Exercise details: Starting with the line that contains "v = Poly_Mapping.single" and stopping after the line that contains "type_synonym 'k mat2", return each line below exactly as written, with no others.

Saved data entries
________________________________________
(* Let $p$ be an odd prime and let $O_2^+(\mathbb{F}_p)\subset GL_2(\mathbb{F}_p)$ be the group generated by $\xi=\begin{pmatrix}0&1\\1&0\end{pmatrix}$ and $\operatorname{diag}(c,c^{-1})$, $c\in\mathbb{F}_p^\times$ (the orthogonal group of the quadratic form $x_1x_2$, of order $2(p-1)$). It acts on $\mathbb{F}_p[x_1,x_2,y_1,y_2]$ by: $\xi$ swaps $x_1\leftrightarrow x_2$ and $y_1\leftrightarrow y_2$; $\operatorname{diag}(c,c^{-1})$ sends $x_1\mapsto cx_1,\ x_2\mapsto c^{-1}x_2,\ y_1\mapsto c^{-1}y_1,\ y_2\mapsto cy_2$. Then the invariant ring $\mathbb{F}_p[x_1,x_2,y_1,y_2]^{O_2^+(\mathbb{F}_p)}$ is generated as an $\mathbb{F}_p$-algebra by $$\{x_1x_2,\ y_1y_2,\ x_1y_1+x_2y_2,\ x_1^{p-1-i}y_2^i+x_2^{p-1-i}y_1^i \mid 0\le i\le p-1\}.$$
   Context: This is the natural action on $\mathbb{F}_p[V\oplus V^*]$, $V=\mathbb{F}_p^2$: $x_1,x_2$ transform by $(x_1,x_2)^T\mapsto g(x_1,x_2)^T$ and $y_1,y_2$ by $(y_1,y_2)^T\mapsto (g^T)^{-1}(y_1,y_2)^T$, extended to $\mathbb{F}_p$-algebra automorphisms. *)

theory Defs
  imports "HOL-Library.Poly_Mapping" "HOL-Library.Cardinality" "HOL-Computational_Algebra.Primes"
begin

datatype var = X1 | X2 | Y1 | Y2

text \<open>Polynomials in x1,x2,y1,y2 over 'k: finitely supported maps from monomials
  (exponent vectors) to coefficients, with the convolution product of Poly_Mapping.\<close>
type_synonym 'k mpoly4 = "(var \<Rightarrow>\<^sub>0 nat) \<Rightarrow>\<^sub>0 'k"

definition Const :: "'k::comm_ring_1 \<Rightarrow> 'k mpoly4" where
  "Const c = Poly_Mapping.single 0 c"

definition Var :: "var \<Rightarrow> 'k::comm_ring_1 mpoly4" where
  "Var v = Poly_Mapping.single (Poly_Mapping.single v 1) 1"

definition subst :: "(var \<Rightarrow> 'k::comm_ring_1 mpoly4) \<Rightarrow> 'k mpoly4 \<Rightarrow> 'k mpoly4" where
  "subst s P = (\<Sum>mon\<in>Poly_Mapping.keys P. Const (Poly_Mapping.lookup P mon) * (\<Prod>v\<in>Poly_Mapping.keys (mon :: var \<Rightarrow>\<^sub>0 nat). s v ^ Poly_Mapping.lookup mon v))"

text \<open>2x2 matrices (a,b,c,d) = [[a,b],[c,d]].\<close>
type_synonym 'k mat2 = "'k \<times> 'k \<times> 'k \<times> 'k"

fun m2mult :: "'k::comm_ring_1 mat2 \<Rightarrow> 'k mat2 \<Rightarrow> 'k mat2" where
  "m2mult (a,b,c,d) (e,f,g,h) = (a*e+b*g, a*f+b*h, c*e+d*g, c*f+d*h)"

fun m2det :: "'k::comm_ring_1 mat2 \<Rightarrow> 'k" where
  "m2det (a,b,c,d) = a*d - b*c"

fun m2inv :: "'k::field mat2 \<Rightarrow> 'k mat2" where
  "m2inv (a,b,c,d) = (let D = a*d - b*c in (d/D, -b/D, -c/D, a/D))"

definition m2id :: "'k::comm_ring_1 mat2" where
  "m2id = (1,0,0,1)"

text \<open>Natural action of g on F[V + V*]: (x1,x2)^T \<mapsto> g (x1,x2)^T and
  (y1,y2)^T \<mapsto> (g^T)^{-1} (y1,y2)^T, extended to algebra automorphisms.\<close>
fun act_subst :: "'k::field mat2 \<Rightarrow> var \<Rightarrow> 'k mpoly4" where
  "act_subst (a,b,c,d) X1 = Const a * Var X1 + Const b * Var X2"
| "act_subst (a,b,c,d) X2 = Const c * Var X1 + Const d * Var X2"
| "act_subst (a,b,c,d) Y1 = Const (d / (a*d-b*c)) * Var Y1 + Const (- c / (a*d-b*c)) * Var Y2"
| "act_subst (a,b,c,d) Y2 = Const (- b / (a*d-b*c)) * Var Y1 + Const (a / (a*d-b*c)) * Var Y2"

definition act :: "'k::field mat2 \<Rightarrow> 'k mpoly4 \<Rightarrow> 'k mpoly4" where
  "act g P = subst (act_subst g) P"

definition O2_gens :: "'k::field mat2 set" where
  "O2_gens = {(0,1,1,0)} \<union> {(c,0,0,inverse c) | c. c \<noteq> 0}"

inductive_set gen_group :: "'k::field mat2 set \<Rightarrow> 'k mat2 set" for S where
  gg_id: "m2id \<in> gen_group S"
| gg_mult: "s \<in> S \<Longrightarrow> g \<in> gen_group S \<Longrightarrow> m2mult s g \<in> gen_group S"
| gg_inv: "s \<in> S \<Longrightarrow> g \<in> gen_group S \<Longrightarrow> m2mult (m2inv s) g \<in> gen_group S"

definition O2plus :: "'k::field mat2 set" where
  "O2plus = gen_group O2_gens"

inductive_set gen_alg :: "'k::comm_ring_1 mpoly4 set \<Rightarrow> 'k mpoly4 set" for G where
  ga_const: "Const c \<in> gen_alg G"
| ga_gen: "f \<in> G \<Longrightarrow> f \<in> gen_alg G"
| ga_add: "f \<in> gen_alg G \<Longrightarrow> h \<in> gen_alg G \<Longrightarrow> f + h \<in> gen_alg G"
| ga_mult: "f \<in> gen_alg G \<Longrightarrow> h \<in> gen_alg G \<Longrightarrow> f * h \<in> gen_alg G"

end

theory Submission
  imports Defs "HOL-Computational_Algebra.Polynomial" "HOL-Number_Theory.Cong"
begin

text \<open>Every element of \<open>O\<^sub>2\<^sup>+\<close> is \<open>diag(t, t\<inverse>)\<close> or \<open>antidiag(t, t\<inverse>)\<close>.
  The torus element \<open>diag(t, t\<inverse>)\<close> scales \<open>x\<^sub>1\<^sup>a x\<^sub>2\<^sup>b y\<^sub>1\<^sup>c y\<^sub>2\<^sup>d\<close> by
  \<open>t\<^sup>a\<^sup>-\<^sup>b\<^sup>-\<^sup>c\<^sup>+\<^sup>d\<close>, and \<open>t\<^sup>e = 1\<close> for all units \<open>t\<close> exactly when \<open>p - 1\<close> divides \<open>e\<close>.
  So an invariant \<open>P\<close> only involves monomials of weight \<open>a - b - c + d\<close> divisible by \<open>p - 1\<close>,
  and \<open>\<xi>\<close>-invariance writes \<open>2P\<close> as a combination of the symmetrisations \<open>m + \<xi>m\<close> of such
  monomials. These lie in the subalgebra by induction on the degree: factors \<open>x\<^sub>1x\<^sub>2\<close> and
  \<open>y\<^sub>1y\<^sub>2\<close> split off, and the remaining shapes \<open>x\<^sub>1\<^sup>a y\<^sub>2\<^sup>d\<close> and \<open>x\<^sub>1\<^sup>a y\<^sub>1\<^sup>c\<close>
  are reduced with the product rule \<open>(m + \<xi>m)(n + \<xi>n) = (mn + \<xi>(mn)) + (m\<xi>n + \<xi>(m\<xi>n))\<close>.\<close>

section \<open>Substitution is an algebra homomorphism\<close>

lemma poly_mapping_sum_single: "(\<Sum>m\<in>Poly_Mapping.keys P. Poly_Mapping.single m (Poly_Mapping.lookup P m)) = P"
  by (rule poly_mapping_eqI) (simp add: lookup_sum lookup_single when_def in_keys_iff)

lemma Const_0 [simp]: "Const 0 = 0"
  by (simp add: Const_def)

lemma Const_1 [simp]: "Const 1 = 1"
  by (simp add: Const_def)

lemma Const_add: "Const (a + b) = Const a + Const b"
  by (simp add: Const_def single_add)

lemma Const_mult: "Const (a * b) = Const a * Const b"
  by (simp add: Const_def mult_single)

lemma Const_power: "Const (a ^ n) = Const a ^ n"
  by (induct n) (simp_all add: Const_mult)

lemma Const_mult_single: "Const a * Poly_Mapping.single m b = Poly_Mapping.single m (a * b)"
  by (simp add: Const_def mult_single)

lemma Const_numeral: "Const (numeral n) = numeral n"
  by (simp add: Const_def)

definition subst_monom :: "(var \<Rightarrow> 'k::comm_ring_1 mpoly4) \<Rightarrow> (var \<Rightarrow>\<^sub>0 nat) \<Rightarrow> 'k mpoly4" where
  "subst_monom s m = (\<Prod>v\<in>Poly_Mapping.keys m. s v ^ Poly_Mapping.lookup m v)"

lemma subst_monom_eq:
  "subst_monom s m = s X1 ^ Poly_Mapping.lookup m X1 * s X2 ^ Poly_Mapping.lookup m X2 * s Y1 ^ Poly_Mapping.lookup m Y1 * s Y2 ^ Poly_Mapping.lookup m Y2"
proof -
  have "subst_monom s m = (\<Prod>v\<in>{X1, X2, Y1, Y2}. s v ^ Poly_Mapping.lookup m v)"
    unfolding subst_monom_def
    by (rule prod.mono_neutral_left) (auto simp: in_keys_iff intro: var.exhaust)
  then show ?thesis
    by (simp add: mult.assoc)
qed

lemma subst_monom_add: "subst_monom s (m + n) = subst_monom s m * subst_monom s n"
  by (simp add: subst_monom_eq lookup_add power_add algebra_simps)

lemma subst_eq_sum_superset:
  assumes "finite F" "Poly_Mapping.keys P \<subseteq> F"
  shows "subst s P = (\<Sum>m\<in>F. Const (Poly_Mapping.lookup P m) * subst_monom s m)"
  unfolding subst_def subst_monom_def[symmetric]
  by (rule sum.mono_neutral_left) (use assms in \<open>auto simp: in_keys_iff\<close>)

lemma subst_add: "subst s (P + Q) = subst s P + subst s Q"
proof -
  let ?F = "Poly_Mapping.keys P \<union> Poly_Mapping.keys Q"
  have "subst s (P + Q) = (\<Sum>m\<in>?F. Const (Poly_Mapping.lookup (P + Q) m) * subst_monom s m)"
    by (rule subst_eq_sum_superset) (simp_all add: keys_add)
  also have "\<dots> = subst s P + subst s Q"
    by (simp add: subst_eq_sum_superset[of ?F] lookup_add Const_add distrib_right sum.distrib)
  finally show ?thesis .
qed

lemma subst_zero: "subst s 0 = 0"
  by (simp add: subst_def)

lemma subst_sum: "subst s (\<Sum>i\<in>I. f i) = (\<Sum>i\<in>I. subst s (f i))"
  by (induct I rule: infinite_finite_induct) (simp_all add: subst_zero subst_add)

lemma subst_single: "subst s (Poly_Mapping.single m a) = Const a * subst_monom s m"
  by (cases "a = 0") (simp_all add: subst_def subst_monom_def)

lemma subst_mult: "subst s (P * Q) = subst s P * subst s Q"
proof -
  have "P * Q = (\<Sum>m\<in>Poly_Mapping.keys P. \<Sum>n\<in>Poly_Mapping.keys Q. Poly_Mapping.single (m + n) (Poly_Mapping.lookup P m * Poly_Mapping.lookup Q n))"
    by (subst (1 2) poly_mapping_sum_single[symmetric])
      (simp add: sum_distrib_left sum_distrib_right mult_single sum.swap[of _ "Poly_Mapping.keys Q"])
  then have "subst s (P * Q) =
      (\<Sum>m\<in>Poly_Mapping.keys P. \<Sum>n\<in>Poly_Mapping.keys Q. Const (Poly_Mapping.lookup P m) * subst_monom s m * (Const (Poly_Mapping.lookup Q n) * subst_monom s n))"
    by (simp add: subst_sum subst_single subst_monom_add Const_mult ac_simps)
  also have "\<dots> = subst s P * subst s Q"
    by (simp add: subst_def subst_monom_def[symmetric] sum_distrib_left sum_distrib_right; rule sum.swap)
  finally show ?thesis .
qed

lemma subst_Const: "subst s (Const c) = Const c"
  by (simp add: Const_def subst_single subst_monom_def)

lemma subst_Var: "subst s (Var v) = s v"
  by (simp add: Var_def subst_single subst_monom_def)

lemma subst_power: "subst s (P ^ n) = subst s P ^ n"
  by (induct n) (simp_all add: subst_mult subst_Const[of s 1, simplified])

lemma Var_power: "Var v ^ k = Poly_Mapping.single (Poly_Mapping.single v k) 1"
  by (induct k) (simp_all add: Var_def mult_single flip: single_add)

definition monomial4 :: "nat \<Rightarrow> nat \<Rightarrow> nat \<Rightarrow> nat \<Rightarrow> 'k::comm_ring_1 mpoly4" where
  "monomial4 a b c d = Var X1 ^ a * Var X2 ^ b * Var Y1 ^ c * Var Y2 ^ d"

definition symm_monomial :: "nat \<Rightarrow> nat \<Rightarrow> nat \<Rightarrow> nat \<Rightarrow> 'k::comm_ring_1 mpoly4" where
  "symm_monomial a b c d = monomial4 a b c d + monomial4 b a d c"

definition torus_weight :: "nat \<Rightarrow> nat \<Rightarrow> nat \<Rightarrow> nat \<Rightarrow> int" where
  "torus_weight a b c d = int a - int b - int c + int d"

lemma single_eq_monomial4:
  "Poly_Mapping.single m 1 = monomial4 (Poly_Mapping.lookup m X1) (Poly_Mapping.lookup m X2)
     (Poly_Mapping.lookup m Y1) (Poly_Mapping.lookup m Y2)"
proof -
  have "m = Poly_Mapping.single X1 (Poly_Mapping.lookup m X1) + Poly_Mapping.single X2 (Poly_Mapping.lookup m X2)
      + Poly_Mapping.single Y1 (Poly_Mapping.lookup m Y1) + Poly_Mapping.single Y2 (Poly_Mapping.lookup m Y2)"
    by (rule poly_mapping_eqI, case_tac k) (simp_all add: lookup_add lookup_single)
  then show ?thesis
    by (simp add: monomial4_def Var_power mult_single)
qed

lemma mpoly4_expansion:
  "P = (\<Sum>m\<in>Poly_Mapping.keys P. Const (Poly_Mapping.lookup P m) *
     monomial4 (Poly_Mapping.lookup m X1) (Poly_Mapping.lookup m X2)
       (Poly_Mapping.lookup m Y1) (Poly_Mapping.lookup m Y2))"
  by (simp add: Const_mult_single flip: single_eq_monomial4) (rule poly_mapping_sum_single[symmetric])

lemma monomial4_add:
  "monomial4 (a + a') (b + b') (c + c') (d + d') = monomial4 a b c d * monomial4 a' b' c' d'"
  by (simp add: monomial4_def power_add ac_simps)

lemma symm_monomial_mult:
  "symm_monomial a b c d * symm_monomial a' b' c' d' =
     symm_monomial (a + a') (b + b') (c + c') (d + d') + symm_monomial (a + b') (b + a') (c + d') (d + c')"
  unfolding symm_monomial_def monomial4_add by (simp add: algebra_simps)

lemma symm_monomial_swap: "symm_monomial b a d c = symm_monomial a b c d"
  by (simp add: symm_monomial_def add.commute)

lemma torus_weight_swap: "torus_weight b a d c = - torus_weight a b c d"
  by (simp add: torus_weight_def)

lemma symm_monomial_Suc_X:
  "symm_monomial (Suc a) (Suc b) c d = Var X1 * Var X2 * symm_monomial a b c d"
  by (simp add: symm_monomial_def monomial4_def algebra_simps)

lemma symm_monomial_Suc_Y:
  "symm_monomial a b (Suc c) (Suc d) = Var Y1 * Var Y2 * symm_monomial a b c d"
  by (simp add: symm_monomial_def monomial4_def algebra_simps)

lemma torus_weight_Suc_X [simp]: "torus_weight (Suc a) (Suc b) c d = torus_weight a b c d"
  by (simp add: torus_weight_def)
________________________________________
Completed task:
  "Var v = Poly_Mapping.single (Poly_Mapping.single v 1) 1"

definition subst :: "(var \<Rightarrow> 'k::comm_ring_1 mpoly4) \<Rightarrow> 'k mpoly4 \<Rightarrow> 'k mpoly4" where
  "subst s P = (\<Sum>mon\<in>Poly_Mapping.keys P. Const (Poly_Mapping.lookup P mon) * (\<Prod>v\<in>Poly_Mapping.keys (mon :: var \<Rightarrow>\<^sub>0 nat). s v ^ Poly_Mapping.lookup mon v))"

text \<open>2x2 matrices (a,b,c,d) = [[a,b],[c,d]].\<close>
type_synonym 'k mat2 = "'k \<times> 'k \<times> 'k \<times> 'k"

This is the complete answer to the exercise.